Того же дня сожгли к вечеру хуторок Дурненки. Дымившееся еще пепелище, двор, огород и маленький палисадник пред истбою злодейки-зелейницы окопали, закидали крапивою. И худо ль, хорошо ли сделали, а только по улицам рязанским, концам ее, слободам, посаду и ближним весям падеж скотий воивпрямь двинул с того разу на убыль.

Так что иной хозяйственный скотовладелец исхитрился ко следующему уже мясоеду отведать скоромного.

В ту- то пору зародилась, судя по всему, и известная чуть не всякому русскому человеку легенда.

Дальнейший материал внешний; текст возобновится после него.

lemma Fbar_eq_posinf_iff:
  assumes g: "Fbar g"
  shows "g = posinf \<longleftrightarrow> (\<forall>s. g (Down s) = UNIV)"
proof
  assume Down: "\<forall>s. g (Down s) = UNIV"
  have "g (Up r) = {top}" for r
  proof -
    have "g (Up r) \<subseteq> coS_pc (g (Down (r + 1)))" using Fbar_Up_subset_pc_Down[OF g] by simp
    then show ?thesis using Down sublocale_top[OF Fbar_sublocale[OF g]] by (auto simp: coS_pc_UNIV)
  qed
  with Down show "g = posinf"
    by (intro ext) (simp add: posinf_def coS_top_def coS_bot_def split: gen.split)
qed (simp add: posinf_def coS_bot_def)

lemma Fle_posinf: "Fbar f \<Longrightarrow> Fle f posinf"
  unfolding Fle_def coS_le_def posinf_def coS_top_def coS_bot_def
  using sublocale_top[OF Fbar_sublocale] by auto

lemma posinf_Fle_iff:
  assumes "Fbar k"
  shows "Fle posinf k \<longleftrightarrow> k = posinf"
proof
  assume "Fle posinf k"
  then have "\<forall>s. k (Down s) = UNIV" by (auto simp: Fle_def coS_le_def posinf_def coS_bot_def)
  then show "k = posinf" using Fbar_eq_posinf_iff[OF assms] by blast
qed (simp add: Fle_def coS_le_def)

lemma Fjoin_is_posinf_iff:
  assumes "Fbar f" and "Fbar g"
  shows "Fjoin_is f g posinf \<longleftrightarrow> (\<forall>k. Fbar k \<and> Fle f k \<and> Fle g k \<longrightarrow> k = posinf)"
proof
  assume "Fjoin_is f g posinf"
  then show "\<forall>k. Fbar k \<and> Fle f k \<and> Fle g k \<longrightarrow> k = posinf"
    unfolding Fjoin_is_def using posinf_Fle_iff by blast
next
  assume least: "\<forall>k. Fbar k \<and> Fle f k \<and> Fle g k \<longrightarrow> k = posinf"
  have "Fle posinf k" if "Fbar k" "Fle f k" "Fle g k" for k
    using least that posinf_Fle_iff[OF that(1)] by blast
  then show "Fjoin_is f g posinf"
    unfolding Fjoin_is_def using assms by (simp add: Fbar_posinf Fle_posinf)
qed

lemma Inter_less_Inter_less:
  fixes F :: "'b::dense_order \<Rightarrow> 'a set"
  shows "\<Inter>{\<Inter>{F r |r. r < m} |m. m < s} = \<Inter>{F r |r. r < s}"
proof (intro equalityI subsetI InterI)
  fix x X assume x: "x \<in> \<Inter>{\<Inter>{F r |r. r < m} |m. m < s}" and "X \<in> {F r |r. r < s}"
  then obtain r where "X = F r" "r < s" by blast
  moreover obtain m where "r < m" "m < s" using dense[OF \<open>r < s\<close>] by blast
  ultimately show "x \<in> X" using x by blast
qed (use less_trans in blast)

lemma Inter_greater_Inter_greater:
  fixes F :: "'b::dense_order \<Rightarrow> 'a set"
  shows "\<Inter>{\<Inter>{F s |s. m < s} |m. r < m} = \<Inter>{F s |s. r < s}"
proof (intro equalityI subsetI InterI)
  fix x X assume x: "x \<in> \<Inter>{\<Inter>{F s |s. m < s} |m. r < m}" and "X \<in> {F s |s. r < s}"
  then obtain s where "X = F s" "r < s" by blast
  moreover obtain m where "r < m" "m < s" using dense[OF \<open>r < s\<close>] by blast
  ultimately show "x \<in> X" using x by blast
qed (use less_trans in blast)

definition coS_Sup_less :: "(rat \<Rightarrow> 'a set) \<Rightarrow> rat \<Rightarrow> 'a set" where
  "coS_Sup_less a s = \<Inter>{a r |r. r < s}"

text \<open>Applied to
  \<open>a(r) = f(---, r) \<and> g(---, r)\<close> it is a common upper bound of \<open>f\<close> and \<open>g\<close>.\<close>
definition Fbar_from_Down :: "(rat \<Rightarrow> 'a::complete_lattice set) \<Rightarrow> gen \<Rightarrow> 'a set" where
  "Fbar_from_Down a x =
    (case x of Down s \<Rightarrow> coS_Sup_less a s | Up r \<Rightarrow> \<Inter>{coS_pc (coS_Sup_less a s) |s. r < s})"

lemma coS_Sup_less_subset: "r < s \<Longrightarrow> coS_Sup_less a s \<subseteq> a r"
  unfolding coS_Sup_less_def by blast

lemma coS_Sup_less_antimono: "r \<le> s \<Longrightarrow> coS_Sup_less a s \<subseteq> coS_Sup_less a r"
  unfolding coS_Sup_less_def by (blast intro: less_le_trans)

lemma subset_coS_Sup_less: "antimono a \<Longrightarrow> a s \<subseteq> coS_Sup_less a s"
  unfolding coS_Sup_less_def by (blast dest: antimonoD[of a, OF _ less_imp_le])

lemma sublocale_coS_Sup_less: "(\<And>r. sublocale_of (a r)) \<Longrightarrow> sublocale_of (coS_Sup_less a s)"
  unfolding coS_Sup_less_def by (rule sublocale_Inter) blast

lemma coS_Sup_less_subset_pc_pc:
  assumes "antimono a" and regular: "\<And>r s. r < s \<Longrightarrow> a s \<subseteq> coS_pc (coS_pc (a r))"
    and "r < s"
  shows "coS_Sup_less a s \<subseteq> coS_pc (coS_pc (coS_Sup_less a r))"
proof -
  obtain m where "r < m" "m < s" using dense[OF \<open>r < s\<close>] by blast
  have "coS_Sup_less a s \<subseteq> a m" using \<open>m < s\<close> by (rule coS_Sup_less_subset)
  also have "\<dots> \<subseteq> coS_pc (coS_pc (a r))" using \<open>r < m\<close> by (rule regular)
  also have "\<dots> \<subseteq> coS_pc (coS_pc (coS_Sup_less a r))"
    using subset_coS_Sup_less[OF \<open>antimono a\<close>] by (intro coS_pc_antimono)
  finally show ?thesis .
qed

Инно некий боярин, нито князь «одевся в одежду светлу и славну и тако сед на коня, поеха к старцю. И холопи беши окрест его едуще и другые коня и утвари ведущие пред ним. И тако приеха к печери отец тех. И онем исшедшим и поклонившимся ему, яко же есть лепо вельможем, он же пакы им поклонился до земли. Потом же сня с себя одежю боярску и положи ю пред старцем, и коня, сущаа в утвари, постави пред ним, глаголя: «Се вся, отче, красная прелесть мира сего суть и яко хочешь, тако створи о них…»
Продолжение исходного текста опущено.